Suddenly, out of the corner of your eye, you glimpse a blinding light, followed instantaneously by a deafening BOOM! In the next moment, a pall-like cloud of fire, poisonous fumes and smoke rips through the neighborhood, snuffing out thousands of lives.
The above movie-like scenario, unfortunately, could easily cross the line into reality today, tomorrow, or at some other future trigger moment in the high-stakes war on terrorism, according to a former federal agent who claims the government has gone to great lengths to keep a lid on her story.
Former U.S. Customs Service Special Agent Darlene Fitzgerald contends that our nation's railroads are the perfect tools for delivering destruction to our doorsteps. Fitzgerald came to this conclusion in the late 1990s while working as a federal agent on an investigation into a major drug-smuggling operation in Southern California. The smugglers, she discovered, were using railcars to move tons of dope from Mexico into the United States.

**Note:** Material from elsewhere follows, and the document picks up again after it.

(* For the finite-alphabet channel $P_{Y|X_1,X_2}$ and metric $q$, $\mathcal R_{LM}\subseteq\mathcal R^{bin}_{cog}$, where $\mathcal R_{LM}$ is the closure of the convex hull of the union over $P_{X_1},P_{X_2}$ of the sets of $(R_1,R_2)$ satisfying $R_1<\min_{f\in\mathcal D_{(1)}}[I_f(X_1;Y|X_2)+I_f(X_1;X_2)]$, $R_2<\min_{f\in\mathcal D_{(2)}}[I_f(X_2;Y|X_1)+I_f(X_1;X_2)]$, $R_1+R_2<\min_{f\in\mathcal D_{(0)}}[I_f(X_1,X_2;Y)+I_f(X_1;X_2)]$, with $P_{X_1,X_2,Y}=P_{X_1}P_{X_2}P_{Y|X_1,X_2}$ and $\mathcal D_{(1)}=\{f: f_{X_1}=P_{X_1}, f_{X_2,Y}=P_{X_2,Y},\mathbb E_f q\ge\mathbb E_P q\}$, $\mathcal D_{(2)}=\{f: f_{X_2}=P_{X_2}, f_{X_1,Y}=P_{X_1,Y},\mathbb E_f q\ge\mathbb E_P q\}$, $\mathcal D_{(0)}=\{f: f_{X_1}=P_{X_1}, f_{X_2}=P_{X_2}, f_Y=P_Y,\mathbb E_f q\ge\mathbb E_P q, I_f(X_1;Y)\le R_1, I_f(X_2;Y)\le R_2\}$; and $\mathcal R^{bin}_{cog}$ is the closure of the convex hull of $\bigcup_P\mathcal R^{bin,*}_{cog}(P)$ over all $P=P_{X_1,X_2}P_{Y|X_1,X_2}$, $\mathcal R^{bin,*}_{cog}(P)$ being the set of $(R_1,R_2)$ for which there exist $R_{1,a},R_{1,b}\ge0$ with $R_1=R_{1,a}+R_{1,b}$, $R_{1,a}\le R_1'(P)$, $R_{1,b}+R_2\le R_2'(P)$, and either $R_{1,a}\le R_1''(P,R_{1,b}+R_2)$ or $R_{1,b}+R_2\le R_2''(P,R_{1,a})$.
   Context: All distributions $f$ are on $\mathcal X_1\times\mathcal X_2\times\mathcal Y$ (finite), $q:\mathcal X_1\times\mathcal X_2\times\mathcal Y\to\mathbb R$, expectations $\mathbb E_f q=\mathbb E_f q(X_1,X_2,Y)$. For a distribution $Q$: $\mathcal G_q(Q)=\{f: f_{X_1,X_2}=Q_{X_1,X_2},\ \mathbb E_f q\ge\mathbb E_Q q\}$; $\mathcal L_1(Q)=\{f\in\mathcal G_q(Q):f_{X_2,Y}=Q_{X_2,Y}\}$; $\mathcal L_2(Q)=\{f\in\mathcal G_q(Q):f_{X_1,Y}=Q_{X_1,Y}\}$; $\mathcal L_0(Q)=\{f\in\mathcal G_q(Q):f_Y=Q_Y\}$. $R_1'(P)=\min_{\tilde P\in\mathcal L_1(P)}I_{\tilde P}(X_1;Y,X_2)$; $R_2'(P)=\min_{\tilde P\in\mathcal L_2(P)}I_{\tilde P}(X_2;Y|X_1)$; $R_1''(P,R_2)=\min_{\tilde P\in\mathcal L_0(P)}[I_{\tilde P}(X_1;Y)+|I_{\tilde P}(X_2;Y|X_1)-R_2|^+]$; $R_2''(P,R_1)=\min_{\tilde P\in\mathcal L_0(P)}[I_{\tilde P}(X_2;Y)-I_{\tilde P}(X_2;X_1)+|I_{\tilde P}(X_1;Y,X_2)-R_1|^+]$; $|t|^+=\max\{0,t\}$. *)

theory Defs
  imports "HOL-Analysis.Analysis"
begin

However, Fitzgerald alleges that the investigation was "torpedoed" by the brass at Customs, without explanation. She suspects the investigation was shut down because of corruption within the federal agency.
The dope Fitzgerald had uncovered was being delivered as part of an operation run by the Arellano-Felix Mexican drug cartel; the drugs (tons of pot and coke) were being shipped across the border from a rail yard in Guadalajara, Mexico, a yard Fitzgerald claims was controlled by the cartel. The railcars moved into the United States unchecked, and then along rail routes up the West Coast-where the dope was to be retrieved by cartel operatives and sold for millions of dollars on the streets of America.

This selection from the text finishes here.